Йель непроизвольно подошел с трубкой к окну, чтобы обменяться скептическим взглядом со своим отражением.
– Нет, пап, не слежу. Что еще за болезнь такая?
– Это… ты со мной иронизируешь? Никогда не понимаю, шутишь ты или нет.
– Знаешь, парад начинается. Мне правда надо идти.
– Ну, ладно тогда.
Когда он подошел на Кларк-стрит, там было полно народа, и первые несколько платформ уже проехали. Он пробирался за спинами людей, высматривая знакомые лица. На Веллингтон-авеню он огляделся в поисках Росса с друзьями на пожарной лестнице, но не слишком старательно. Через два квартала он заметил Катсу Татами на другой стороне улицы и перебежал вместе с несколькими людьми после платформы «Анхойзер-Буш». Он не знал ребят, с которыми стоял Катсу, но всегда был рад обнять его, перекинуться приветствием. Катсу прокричал на ухо Йелю:
– Пока все хорошо! Хочешь моей газировки?
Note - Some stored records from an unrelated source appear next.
lemma only_cycle_imp_leaves_boundary:
  fixes S :: "(real^'n^'n) set"
  assumes nonexp: "\<forall>A\<in>S. \<forall>x. normP (A *v x) \<le> normP x" and oc: "only_cycle_is_node1_loop S"
    and L: "card (face_node ` {G :: (real^'n) set. proper_open_face G}) < L"
    and \<tau>: "\<forall>t<L. \<tau> t \<in> S" and x: "normP (x :: real^'n) \<le> 1"
  shows "normP (traj \<tau> x L) < 1"
proof (rule ccontr)
  assume "\<not> normP (traj \<tau> x L) < 1"
  then have "\<forall>t\<le>L. normP (traj \<tau> x t) = 1"
    using normP_traj_antimono[OF nonexp \<tau>] x by (smt (verit) le0 order_refl traj.simps(1))
  then obtain w where w: "\<forall>i\<le>L. w i \<in> face_node ` {G :: (real^'n) set. proper_open_face G}"
    "\<forall>i<L. (w i, w (Suc i)) \<in> graph_of_faces S"
    using boundary_trajectory_walk[OF nonexp \<tau>] by blast
  have card: "card (face_node ` {G :: (real^'n) set. proper_open_face G}) \<le> L" using L by simp
  obtain i where "i \<le> L" "(w i, w i) \<in> (graph_of_faces S)\<^sup>+"
    by (rule long_walk_has_cycle[OF finite_imageI[OF finite_proper_open_faces] card w])
  moreover have "w i \<noteq> None" using w(1) \<open>i \<le> L\<close> by (auto simp: face_node_def)
  moreover have "(w i, w i) \<in> (graph_of_faces S)\<^sup>+ \<longrightarrow> w i = None"
    using oc unfolding only_cycle_is_node1_loop_def by (rule spec)
  ultimately show False by simp
qed

text \<open>Every vector is \<open>c x' + d \<one>\<close> with \<open>c = \<parallel>x\<parallel>\<^sub>\<P>\<close> and \<open>x'\<close> in the compact set \<open>Pbox\<close>.\<close>

definition Pbox :: "(real^'n) set" where
  "Pbox = Pset \<inter> cbox (- (2 *\<^sub>R ones)) (2 *\<^sub>R ones)"

lemma compact_Pbox: "compact Pbox"
  unfolding Pbox_def
  using compact_Int_closed[OF compact_cbox polyhedron_imp_closed[OF polyhedron_Pset]]
  by (simp add: Int_commute)

lemma zero_in_Pbox: "0 \<in> Pbox"
  by (simp add: Pbox_def Pset_def mem_box_cart ones_def normP_zero)

lemma normalize_into_Pbox:
  fixes x :: "real^'n"
  assumes "normP x > 0"
  obtains x' d where "x' \<in> Pbox" "x = normP x *\<^sub>R x' + d *\<^sub>R ones"
proof -
  define r where "r = normP x"
  define k :: 'n where "k = undefined"
  define x' where "x' = (1/r) *\<^sub>R x + (- (x $ k) / r) *\<^sub>R ones"
  have r: "r > 0" using assms r_def by simp
  have "normP x' = 1" unfolding x'_def by (subst normP_affine) (use r in \<open>auto simp: r_def\<close>)
  moreover have "\<bar>x' $ i\<bar> \<le> 2" for i
    using entry_diff_le_normP[of x i k] entry_diff_le_normP[of x k i] r
    by (simp add: x'_def ones_def r_def abs_le_iff field_simps)
  then have "- 2 \<le> x' $ i \<and> x' $ i \<le> 2" for i by (metis abs_le_iff minus_le_iff)
  ultimately have "x' \<in> Pbox" by (simp add: Pbox_def Pset_def mem_box_cart ones_def)
  moreover have "normP x *\<^sub>R x' = x - (x $ k) *\<^sub>R ones"
    using r by (simp add: x'_def r_def scaleR_diff_right)
  then have "x = normP x *\<^sub>R x' + (x $ k) *\<^sub>R ones" by simp
  ultimately show ?thesis using that by blast
qed

lemma contraction_from_Pbox:
  assumes ones: "\<forall>t<L. \<tau> t *v ones = ones" and bound: "\<forall>y\<in>Pbox. normP (traj \<tau> y L) \<le> q"
  shows "normP (traj \<tau> x L) \<le> q * normP x"
proof (cases "normP x = 0")
  case True
  then obtain c where "x = c *\<^sub>R ones" using normP_eq_0_iff by blast
  then have "traj \<tau> x L = c *\<^sub>R ones" using traj_affine[OF ones, of 0 0 c] by simp
  then show ?thesis using True by (simp add: normP_scaleR_ones)
next
  case False
  then have "normP x > 0" using normP_nonneg[of x] by simp
  then obtain x' d where x': "x' \<in> Pbox" "x = normP x *\<^sub>R x' + d *\<^sub>R ones"
    by (rule normalize_into_Pbox)
  have "traj \<tau> x L = normP x *\<^sub>R traj \<tau> x' L + d *\<^sub>R ones"
    using traj_affine[OF ones, of "normP x" x' d] unfolding x'(2)[symmetric] .
  then have "normP (traj \<tau> x L) = normP x * normP (traj \<tau> x' L)"
    by (simp add: normP_affine[OF normP_nonneg])
  also have "\<dots> \<le> normP x * q"
    using bound x'(1) normP_nonneg[of x] by (simp add: mult_left_mono)
  finally show ?thesis by (simp add: mult.commute)
qed

lemma finite_uniform_bound_lt_1:
  assumes "finite W" "\<forall>w\<in>W. \<exists>q<1. \<forall>y\<in>K. f w y \<le> q"
  shows "\<exists>q. 0 < q \<and> q < 1 \<and> (\<forall>w\<in>W. \<forall>y\<in>K. f w y \<le> (q::real))"
  using assms
proof (induction W rule: finite_induct)
  case empty
  show ?case by (intro exI[of _ "1/2"]) simp
next
  case (insert w W)
  obtain q where q: "0 < q" "q < 1" "\<forall>w\<in>W. \<forall>y\<in>K. f w y \<le> q" using insert.IH insert.prems by blast
  obtain q' where q': "q' < 1" "\<forall>y\<in>K. f w y \<le> q'" using insert.prems by blast
  show ?case using q q' by (intro exI[of _ "max q q'"]) (auto simp: le_max_iff_disj)
qed

lemma continuous_on_normP_traj: "continuous_on U (\<lambda>x. normP (traj \<tau> x n))"
  by (rule continuous_on_compose2[OF continuous_on_normP[of UNIV] continuous_on_traj]) simp

lemma uniform_contraction:
  fixes S :: "(real ^ 'n ^ 'n) set"
  assumes fin: "finite S" and ones: "\<forall>A\<in>S. A *v ones = ones"
    and nonexp: "\<forall>A\<in>S. \<forall>x. normP (A *v x) \<le> normP x" and oc: "only_cycle_is_node1_loop S"
  obtains q L where "0 < q" "q < 1" "0 < L"
    "\<And>\<tau> (x :: real^'n) s. \<forall>t. \<tau> t \<in> S \<Longrightarrow> normP (traj \<tau> x (s + L)) \<le> q * normP (traj \<tau> x s)"
proof -
  define L where "L = card (face_node ` {G :: (real^'n) set. proper_open_face G}) + 1"
  define W where "W = {ws. set ws \<subseteq> S \<and> length ws = L}"
  have "finite W" unfolding W_def by (rule finite_lists_length_eq[OF fin])
  have "Pbox \<noteq> {}" using zero_in_Pbox by blast
  have word_bound: "\<exists>q<1. \<forall>y\<in>Pbox. normP (traj ((!) ws) y L) \<le> q" if "ws \<in> W" for ws
  proof -
    have ws: "\<forall>t<L. ws ! t \<in> S" using that unfolding W_def by auto
    obtain z where z: "z \<in> Pbox" "\<forall>y\<in>Pbox. normP (traj ((!) ws) y L) \<le> normP (traj ((!) ws) z L)"
      using continuous_attains_sup[OF compact_Pbox \<open>Pbox \<noteq> {}\<close> continuous_on_normP_traj] by blast
    have "normP z \<le> 1" using z(1) by (simp add: Pbox_def Pset_def)
    moreover have "card (face_node ` {G :: (real^'n) set. proper_open_face G}) < L" by (simp add: L_def)
    ultimately have "normP (traj ((!) ws) z L) < 1"
      using only_cycle_imp_leaves_boundary[OF nonexp oc _ ws] by blast
    then show ?thesis using z(2) by blast
  qed
  obtain q where q: "0 < q" "q < 1" "\<forall>ws\<in>W. \<forall>y\<in>Pbox. normP (traj ((!) ws) y L) \<le> q"
    using finite_uniform_bound_lt_1[OF \<open>finite W\<close>, of Pbox "\<lambda>ws y. normP (traj ((!) ws) y L)"] word_bound
    by blast
  have main: "normP (traj \<tau> x (s + L)) \<le> q * normP (traj \<tau> x s)" if \<tau>: "\<forall>t. \<tau> t \<in> S" for \<tau> x s
  proof -
    define ws where "ws = map (\<lambda>t. \<tau> (s + t)) [0..<L]"
    have "ws \<in> W" using \<tau> by (auto simp: ws_def W_def)
    then have "\<forall>y\<in>Pbox. normP (traj ((!) ws) y L) \<le> q" using q(3) by blast
    moreover have "\<forall>t<L. ws ! t *v ones = ones" using ones \<tau> by (simp add: ws_def)
    moreover have "traj \<tau> x (s + L) = traj ((!) ws) (traj \<tau> x s) L"
      unfolding traj_shift by (rule traj_cong) (simp add: ws_def)
    ultimately show ?thesis using contraction_from_Pbox by metis
  qed
  show ?thesis by (rule that[OF q(1,2) _ main]) (simp add: L_def)
qed

lemma decseq_periodic_contraction_geometric:
  fixes a :: "nat \<Rightarrow> real"
  assumes dec: "decseq a" and a0: "a 0 \<ge> 0" and step: "\<And>s. a (s + L) \<le> q * a s"
    and q: "0 < q" "q < 1" and L: "0 < L"
  obtains \<rho> where "0 < \<rho>" "\<rho> < 1" "\<And>t. a t \<le> (a 0 / q) * \<rho> ^ t"
proof -
  define \<rho> where "\<rho> = root L q"
  have \<rho>: "0 < \<rho>" "\<rho> < 1" unfolding \<rho>_def using q L by (simp_all add: real_root_gt_zero)
  have \<rho>L: "\<rho> ^ L = q" unfolding \<rho>_def using q L real_root_pow_pos by blast
  have periods: "a (m * L) \<le> q ^ m * a 0" for m
  proof (induction m)
    case (Suc m)
    have "a (Suc m * L) \<le> q * a (m * L)" using step[of "m * L"] by (simp add: add.commute)
    also have "\<dots> \<le> q * (q ^ m * a 0)" using Suc q by (intro mult_left_mono) auto
    finally show ?case by simp
  qed simp
  have "a t \<le> (a 0 / q) * \<rho> ^ t" for t
  proof -
    have "t \<le> L + L * (t div L)" using dividend_less_times_div[OF L, of t] by simp
    then have "q * q ^ (t div L) \<le> \<rho> ^ t"
      using power_decreasing[of t "L + L * (t div L)" \<rho>] \<rho> by (simp add: power_add power_mult \<rho>L)
    then have "q ^ (t div L) \<le> \<rho> ^ t / q" using q(1) by (simp add: le_divide_eq mult.commute)
    have "a t \<le> a (t div L * L)" using dec by (simp add: decseq_def)
    also have "\<dots> \<le> q ^ (t div L) * a 0" by (rule periods)
    also have "\<dots> \<le> (\<rho> ^ t / q) * a 0" using \<open>q ^ (t div L) \<le> \<rho> ^ t / q\<close> a0 by (rule mult_right_mono)
    finally show ?thesis by (simp add: mult.commute)
  qed
  with \<rho> show ?thesis by (rule that)
qed

lemma convergent_if_geometric_increments:
  fixes X :: "nat \<Rightarrow> 'a::banach"
  assumes "\<And>t. norm (X (Suc t) - X t) \<le> K * \<rho> ^ t" "0 \<le> \<rho>" "\<rho> < 1"
  shows "convergent X"
proof -
  have "summable (\<lambda>t. norm (X (Suc t) - X t))"
    by (rule summable_comparison_test[OF _ summable_mult[OF summable_geometric]]) (use assms in auto)
  then have "convergent (\<lambda>n. X 0 + (\<Sum>t<n. X (Suc t) - X t))"
    by (intro convergent_add convergent_const) (simp add: summable_norm_cancel flip: summable_iff_convergent)
  then show ?thesis by (simp add: sum_lessThan_telescope)
qed

lemma norm_step_le_normP:
  fixes A :: "real^'n^'n"
  assumes "A *v ones = ones"
  shows "norm (A *v x - x) \<le> (onorm ((*v) A) + 1) * (2 * real CARD('n)) * normP x"
proof -
  define y where "y = x - (x $ undefined) *\<^sub>R ones"
  have "\<bar>y $ i\<bar> \<le> 2 * normP x" for i
    using entry_diff_le_normP[of x i undefined] entry_diff_le_normP[of x undefined i]
    by (simp add: y_def ones_def)
  then have "(\<Sum>i\<in>UNIV. \<bar>y $ i\<bar>) \<le> (\<Sum>i\<in>(UNIV :: 'n set). 2 * normP x)" by (rule sum_mono)
  then have ny: "norm y \<le> 2 * real CARD('n) * normP x" using norm_le_l1_cart[of y] by simp
  have "A *v x - x = A *v y - y"
    using assms by (simp add: y_def matrix_vector_mult_diff_distrib matrix_vector_mult_scaleR)
  then have "norm (A *v x - x) \<le> onorm ((*v) A) * norm y + norm y"
    using norm_triangle_ineq4[of "A *v y" y] onorm[OF matrix_vector_mul_bounded_linear, of A y] by simp
  also have "\<dots> = (onorm ((*v) A) + 1) * norm y" by (simp add: algebra_simps)
  also have "\<dots> \<le> (onorm ((*v) A) + 1) * (2 * real CARD('n) * normP x)"
    using ny onorm_pos_le[OF matrix_vector_mul_bounded_linear, of A] by (intro mult_left_mono) auto
  finally show ?thesis by (simp add: mult.assoc)
qed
Он сунул Йелю стаканчик из «Макдоналдса», и ему в голову полезли мысли о бактериях, но он отогнал их усилием воли. Он глотнул, но ему совсем не понравилось: теплая вода без газа.
Мимо проехали несколько «харлеев», а за ними лесбиянки-каратистки – они продвигались по улице, одетые в белое, размахивая ногами и рубя воздух руками. Мисс голубой Висконсин; внушительная женщина средних лет с транспарантом PFLAG[124]; кабриолет тянул большущую латунную кровать, на которой самозабвенно ласкались двое мужчин, красуясь голыми торсами над тонкой белой простыней.
Йель спросил Катсу, как его дела, и тот сказал:
– Я становлюсь правоведом.
Он рассказал, перекрикивая шум, что два года назад оформил дополнительное страхование. В январе он стал ужасно чувствовать себя и наконец прошел тестирование, и оказалось, что он болен – Йель не знал? Ага, сукин сын, он даже маме своей не сказал, а его чертовы страховщики пытались заявить, что вирус уже был у него на момент оформления страховки, так что они не будут за него платить.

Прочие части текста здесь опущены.